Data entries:
▼

lemma maxdeg_pos:
  assumes "finite S" "finite U" "\<Union>(elems ` S) = U" "U \<noteq> {}"
  shows "0 < maxdeg S elems U"
proof -
  obtain e s where "e \<in> U" "s \<in> S" "e \<in> elems s"
    using assms(3,4) by blast
  then have "0 < card (nbrs S elems e)"
    using finite_nbrs[OF assms(1)] by (auto simp: card_gt_0_iff nbrs_def)
  also have "card (nbrs S elems e) \<le> maxdeg S elems U"
    unfolding maxdeg_def using assms(1,2) \<open>e \<in> U\<close> by (intro Max_ge) auto
  finally show ?thesis .
qed

lemma prob_round_step_messages_gt:
  fixes S :: "'s set" and elems :: "'s \<Rightarrow> 'e set" and i :: nat and t :: real
  assumes S: "finite S" and U: "finite U" and "c > 0" "2 \<le> card U"
    and m: "\<And>s. s \<in> S \<Longrightarrow> card (elems s) \<le> m"
  defines "M \<equiv> 2 * real (card U) * msg_count c (card U) (maxdeg S elems U) i + t"
    and "\<theta> \<equiv> c * 4 * log 2 (real (card U))"
  shows "measure_pmf.prob (round_step S elems U c i w r st)
           {y. real (snd y) > real (snd st) + (M + real m * M / \<theta>)} \<le> 2 powr (- t)"
proof -
  define k where "k = msg_count c (card U) (maxdeg S elems U) i"
  define X where "X = U - fst st"
  define P where "P = Pi_pmf X {} (\<lambda>e. choose_targets (nbrs S elems e) k)"
  define J where "J T = {s \<in> S. w s = r \<and> real (card {e \<in> X. s \<in> T e}) \<ge> \<theta>}" for T
  define out where "out T = (fst st \<union> \<Union>(elems ` J T),
      snd st + (\<Sum>e\<in>X. card (T e)) + (\<Sum>s\<in>J T. card (elems s)))" for T
  have "log 2 (real (card U)) > 0"
    using \<open>2 \<le> card U\<close> by simp
  then have "\<theta> > 0" "0 \<le> k"
    using \<open>c > 0\<close> unfolding \<theta>_def k_def msg_count_def by simp_all
  have X: "finite X" "card X \<le> card U"
    unfolding X_def using U by (simp_all add: card_mono)
  have round_step: "round_step S elems U c i w r st = map_pmf out P"
    unfolding round_step_def map_pmf_def out_def J_def P_def X_def k_def \<theta>_def Let_def ..
  have out_le: "real (snd (out T)) \<le> real (snd st) + (M + real m * M / \<theta>)"
    if T: "T \<in> set_pmf P" and sum_le: "real (\<Sum>e\<in>X. card (T e)) \<le> M" for T
  proof -
    have T_sub: "T e \<subseteq> S" if "e \<in> X" for e
    proof -
      have "T e \<in> set_pmf (choose_targets (nbrs S elems e) k)"
        using T that X(1) by (auto simp: P_def set_Pi_pmf PiE_dflt_def)
      moreover have "finite (nbrs S elems e)" using finite_nbrs[OF S] .
      ultimately have "T e \<subseteq> nbrs S elems e"
        using set_pmf_choose_targets by blast
      then show ?thesis using nbrs_subset by (rule order_trans)
    qed
    have J_sub: "J T \<subseteq> S" unfolding J_def by blast
    have "\<theta> * real (card (J T)) \<le> real (\<Sum>e\<in>X. card (T e))"
      using finite_subset[OF J_sub S] finite_subset[OF T_sub S]
      by (intro card_heavy_le_sum_card[OF X(1)]) (simp_all add: J_def)
    then have "real (card (J T)) \<le> M / \<theta>"
      using sum_le \<open>\<theta> > 0\<close> by (simp add: pos_le_divide_eq mult.commute)
    have "(\<Sum>s\<in>J T. card (elems s)) \<le> card (J T) * m"
      using sum_bounded_above[of "J T" "\<lambda>s. card (elems s)" m] J_sub m by auto
    then have "real (\<Sum>s\<in>J T. card (elems s)) \<le> real (card (J T)) * real m"
      unfolding of_nat_mult[symmetric] of_nat_le_iff .
    also have "\<dots> \<le> M / \<theta> * real m"
      using \<open>real (card (J T)) \<le> M / \<theta>\<close> by (rule mult_right_mono) simp
    also have "\<dots> = real m * M / \<theta>" by simp
    finally have "real (\<Sum>s\<in>J T. card (elems s)) \<le> real m * M / \<theta>" .
    with sum_le show ?thesis
      unfolding out_def snd_conv of_nat_add by linarith
  qed
  have "measure_pmf.prob (round_step S elems U c i w r st)
          {y. real (snd y) > real (snd st) + (M + real m * M / \<theta>)}
      = measure_pmf.prob P {T. real (snd (out T)) > real (snd st) + (M + real m * M / \<theta>)}"
    unfolding round_step measure_map_pmf by (simp add: vimage_def)
  also have "\<dots> \<le> measure_pmf.prob P {T. real (\<Sum>e\<in>X. card (T e)) > 2 * real (card U) * k + t}"
    using out_le unfolding M_def k_def
    by (intro measure_pmf.finite_measure_mono_AE AE_pmfI) (auto simp: not_less[symmetric])
  also have "\<dots> \<le> 2 powr (- t)"
    unfolding P_def using X finite_nbrs[OF S] \<open>0 \<le> k\<close>
    by (rule prob_Pi_choose_targets_sum_card_gt)
  finally show ?thesis .
qed
lemma nearest_point_directions_usc:
  fixes F :: "'a::euclidean_space set"
  assumes "compact F" "x \<notin> F" "e > 0"
  shows "\<exists>r>0. \<forall>y \<zeta>. dist y x < r \<longrightarrow> \<zeta> \<in> F \<longrightarrow> dist y \<zeta> = infdist y F \<longrightarrow>
           (\<exists>\<zeta>'\<in>F. dist x \<zeta>' = infdist x F \<and> dist (sgn (x - \<zeta>)) (sgn (x - \<zeta>')) < e)"
proof (rule ccontr)
  assume contra: "\<not> ?thesis"
  have "\<forall>k. \<exists>y \<zeta>. dist y x < 1 / real (Suc k) \<and> \<zeta> \<in> F \<and> dist y \<zeta> = infdist y F \<and>
               \<not> (\<exists>\<zeta>'\<in>F. dist x \<zeta>' = infdist x F \<and> dist (sgn (x - \<zeta>)) (sgn (x - \<zeta>')) < e)"
  proof
    fix k
    have "\<not> 1 / real (Suc k) \<le> 0" by simp
    then show "\<exists>y \<zeta>. dist y x < 1 / real (Suc k) \<and> \<zeta> \<in> F \<and> dist y \<zeta> = infdist y F \<and>
               \<not> (\<exists>\<zeta>'\<in>F. dist x \<zeta>' = infdist x F \<and> dist (sgn (x - \<zeta>)) (sgn (x - \<zeta>')) < e)"
      using contra unfolding not_ex not_all not_imp de_Morgan_conj not_less by blast
  qed
  then obtain y Z where y: "\<And>k. dist (y k) x < 1 / real (Suc k)"
    and Z: "\<And>k. Z k \<in> F" "\<And>k. dist (y k) (Z k) = infdist (y k) F"
    and far: "\<And>k. \<not> (\<exists>\<zeta>'\<in>F. dist x \<zeta>' = infdist x F \<and> dist (sgn (x - Z k)) (sgn (x - \<zeta>')) < e)"
    unfolding choice_iff by blast
  obtain \<zeta> \<phi> where "\<zeta> \<in> F" "strict_mono \<phi>" and Z_lim: "(Z \<circ> \<phi>) \<longlonglongrightarrow> \<zeta>"
    using seq_compactE[OF compact_imp_seq_compact[OF \<open>compact F\<close>], of Z] Z(1) by blast
  have "(\<lambda>k. dist (y k) x) \<longlonglongrightarrow> 0"
  proof (rule Lim_null_comparison[OF _ LIMSEQ_inverse_real_of_nat])
    show "\<forall>\<^sub>F k in sequentially. norm (dist (y k) x) \<le> inverse (real (Suc k))"
      using y by (simp add: inverse_eq_divide less_imp_le)
  qed
  then have "y \<longlonglongrightarrow> x" by (rule tendsto_dist_iff[THEN iffD2])
  then have y_lim: "(y \<circ> \<phi>) \<longlonglongrightarrow> x"
    using \<open>strict_mono \<phi>\<close> by (rule LIMSEQ_subseq_LIMSEQ)
  have "(\<lambda>k. dist (y (\<phi> k)) (Z (\<phi> k))) \<longlonglongrightarrow> dist x \<zeta>"
    using tendsto_dist[OF y_lim Z_lim] by (simp add: o_def)
  moreover have "(\<lambda>k. dist (y (\<phi> k)) (Z (\<phi> k))) \<longlonglongrightarrow> infdist x F"
    using tendsto_infdist[OF y_lim[unfolded o_def]] by (simp add: Z(2))
  ultimately have "dist x \<zeta> = infdist x F" by (rule LIMSEQ_unique)
  have "x - \<zeta> \<noteq> 0" using \<open>\<zeta> \<in> F\<close> \<open>x \<notin> F\<close> by auto
  then have "(\<lambda>k. sgn (x - Z (\<phi> k))) \<longlonglongrightarrow> sgn (x - \<zeta>)"
    by (intro tendsto_sgn tendsto_diff tendsto_const Z_lim[unfolded o_def])
  then obtain k where "dist (sgn (x - Z (\<phi> k))) (sgn (x - \<zeta>)) < e"
    using \<open>e > 0\<close> by (auto simp: lim_sequentially)
  then show False
    using far[of "\<phi> k"] \<open>\<zeta> \<in> F\<close> \<open>dist x \<zeta> = infdist x F\<close> by blast
qed

lemma neg_infdist_le_affine:
  fixes x y :: "'a::real_inner"
  assumes "\<zeta> \<in> F" "dist y \<zeta> = infdist y F"
  shows "- infdist y F \<le> - infdist x F - q \<bullet> L + norm (sgn (x - \<zeta>) - q) * norm L + norm (y - x - L)"
proof -
  define p where "p = sgn (x - \<zeta>)"
  have "infdist x F - infdist y F \<le> p \<bullet> (x - y)"
    unfolding p_def using assms by (rule infdist_diff_le_inner_sgn)
  moreover have "p \<bullet> (y - x) = q \<bullet> L + (p - q) \<bullet> L + p \<bullet> (y - x - L)"
    by (simp add: inner_diff_left inner_diff_right)
  moreover have "- ((p - q) \<bullet> L) \<le> norm (p - q) * norm L"
    using Cauchy_Schwarz_ineq2[of "p - q" L] by linarith
  moreover have "norm p \<le> 1" by (simp add: p_def norm_sgn)
  then have "- (p \<bullet> (y - x - L)) \<le> norm (y - x - L)"
    using Cauchy_Schwarz_ineq2[of p "y - x - L"]
      mult_left_le_one_le[OF norm_ge_zero[of "y - x - L"] norm_ge_zero[of p]] by linarith
  ultimately show ?thesis
    by (simp add: p_def inner_diff_left inner_diff_right inner_commute; linarith)
qed

lemma neg_infdist_comp_upper_estimate:
  fixes w :: "'a::euclidean_space \<Rightarrow> 'b::euclidean_space"
  assumes w: "(w has_derivative A) (at z)" and "compact F" "F \<noteq> {}" "w z \<notin> F"
    and nearest: "\<And>\<zeta>. \<zeta> \<in> F \<Longrightarrow> dist (w z) \<zeta> = infdist (w z) F \<Longrightarrow> - adjoint A (sgn (w z - \<zeta>)) = g"
    and "\<epsilon> > 0"
  shows "\<exists>r>0. \<forall>u. norm (u - z) < r \<longrightarrow> - infdist (w u) F \<le> - infdist (w z) F + g \<bullet> (u - z) + \<epsilon> * norm (u - z)"
proof -
  have "bounded_linear A" using w by (rule has_derivative_bounded_linear)
  define B where "B = onorm A + 1" \<comment> \<open>a positive bound, since \<open>onorm A\<close> may vanish\<close>
  have "B > 0" using onorm_pos_le[OF \<open>bounded_linear A\<close>] by (simp add: B_def)
  obtain r1 where "r1 > 0" and r1: "\<And>y \<zeta>. dist y (w z) < r1 \<Longrightarrow> \<zeta> \<in> F \<Longrightarrow> dist y \<zeta> = infdist y F \<Longrightarrow>
      \<exists>\<zeta>'\<in>F. dist (w z) \<zeta>' = infdist (w z) F \<and> dist (sgn (w z - \<zeta>)) (sgn (w z - \<zeta>')) < \<epsilon> / (2 * B)"
    using nearest_point_directions_usc[OF \<open>compact F\<close> \<open>w z \<notin> F\<close>, of "\<epsilon> / (2 * B)"] \<open>\<epsilon> > 0\<close> \<open>B > 0\<close>
    by auto
  obtain r2 where "r2 > 0" and r2: "\<And>u. dist u z < r2 \<Longrightarrow> dist (w u) (w z) < r1"
    using has_derivative_continuous[OF w] \<open>r1 > 0\<close> unfolding continuous_at_eps_delta by blast
  obtain r3 where "r3 > 0" and r3: "\<And>u. norm (u - z) < r3 \<Longrightarrow> norm (w u - w z - A (u - z)) \<le> \<epsilon> / 2 * norm (u - z)"
    using w \<open>\<epsilon> > 0\<close> unfolding has_derivative_at_alt by (meson half_gt_zero)
  have "- infdist (w u) F \<le> - infdist (w z) F + g \<bullet> (u - z) + \<epsilon> * norm (u - z)"
    if u: "norm (u - z) < min r2 r3" for u
  proof -
    obtain \<zeta> where "\<zeta> \<in> F" "dist (w u) \<zeta> = infdist (w u) F"
      using infdist_attains_inf[OF compact_imp_closed[OF \<open>compact F\<close>] \<open>F \<noteq> {}\<close>] by metis
    moreover have "dist (w u) (w z) < r1" using u r2 by (simp add: dist_norm)
    ultimately obtain \<zeta>' where "\<zeta>' \<in> F" "dist (w z) \<zeta>' = infdist (w z) F"
      and close: "norm (sgn (w z - \<zeta>) - sgn (w z - \<zeta>')) < \<epsilon> / (2 * B)"
      using r1 by (auto simp: dist_norm)
    have "g = - adjoint A (sgn (w z - \<zeta>'))"
      using nearest[OF \<open>\<zeta>' \<in> F\<close> \<open>dist (w z) \<zeta>' = infdist (w z) F\<close>] by simp
    then have "g \<bullet> (u - z) = - (sgn (w z - \<zeta>') \<bullet> A (u - z))"
      using adjoint_clauses(2)[OF bounded_linear.linear[OF \<open>bounded_linear A\<close>], of "sgn (w z - \<zeta>')" "u - z"]
      by simp
    moreover have "norm (A (u - z)) \<le> B * norm (u - z)"
      using onorm[OF \<open>bounded_linear A\<close>, of "u - z"] norm_ge_zero[of "u - z"]
      unfolding B_def distrib_right by linarith
    then have "norm (sgn (w z - \<zeta>) - sgn (w z - \<zeta>')) * norm (A (u - z)) \<le> \<epsilon> / (2 * B) * (B * norm (u - z))"
      using close \<open>\<epsilon> > 0\<close> \<open>B > 0\<close> by (intro mult_mono) auto
    ultimately show ?thesis
      using neg_infdist_le_affine[OF \<open>\<zeta> \<in> F\<close> \<open>dist (w u) \<zeta> = infdist (w u) F\<close>,
          of "w z" "sgn (w z - \<zeta>')" "A (u - z)"] r3[of u] u \<open>B > 0\<close>
      by (simp add: inner_commute)
  qed
  then show ?thesis using \<open>r2 > 0\<close> \<open>r3 > 0\<close> by (intro exI[of _ "min r2 r3"]) auto
qed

▲

§ WHAT YOU NEED TO DO
Each line from the first line of the entries up to and including the line containing "snd st + (\<Sum>e\<in>X." should be transcribed exactly, with all other lines left out.

§ COMPLETED TASK
lemma maxdeg_pos:
  assumes "finite S" "finite U" "\<Union>(elems ` S) = U" "U \<noteq> {}"
  shows "0 < maxdeg S elems U"
proof -
  obtain e s where "e \<in> U" "s \<in> S" "e \<in> elems s"
    using assms(3,4) by blast
  then have "0 < card (nbrs S elems e)"
    using finite_nbrs[OF assms(1)] by (auto simp: card_gt_0_iff nbrs_def)
  also have "card (nbrs S elems e) \<le> maxdeg S elems U"
    unfolding maxdeg_def using assms(1,2) \<open>e \<in> U\<close> by (intro Max_ge) auto
  finally show ?thesis .
qed

lemma prob_round_step_messages_gt:
  fixes S :: "'s set" and elems :: "'s \<Rightarrow> 'e set" and i :: nat and t :: real
  assumes S: "finite S" and U: "finite U" and "c > 0" "2 \<le> card U"
    and m: "\<And>s. s \<in> S \<Longrightarrow> card (elems s) \<le> m"
  defines "M \<equiv> 2 * real (card U) * msg_count c (card U) (maxdeg S elems U) i + t"
    and "\<theta> \<equiv> c * 4 * log 2 (real (card U))"
  shows "measure_pmf.prob (round_step S elems U c i w r st)
           {y. real (snd y) > real (snd st) + (M + real m * M / \<theta>)} \<le> 2 powr (- t)"
proof -
  define k where "k = msg_count c (card U) (maxdeg S elems U) i"
  define X where "X = U - fst st"
  define P where "P = Pi_pmf X {} (\<lambda>e. choose_targets (nbrs S elems e) k)"
  define J where "J T = {s \<in> S. w s = r \<and> real (card {e \<in> X. s \<in> T e}) \<ge> \<theta>}" for T
  define out where "out T = (fst st \<union> \<Union>(elems ` J T),
      snd st + (\<Sum>e\<in>X. card (T e)) + (\<Sum>s\<in>J T. card (elems s)))" for T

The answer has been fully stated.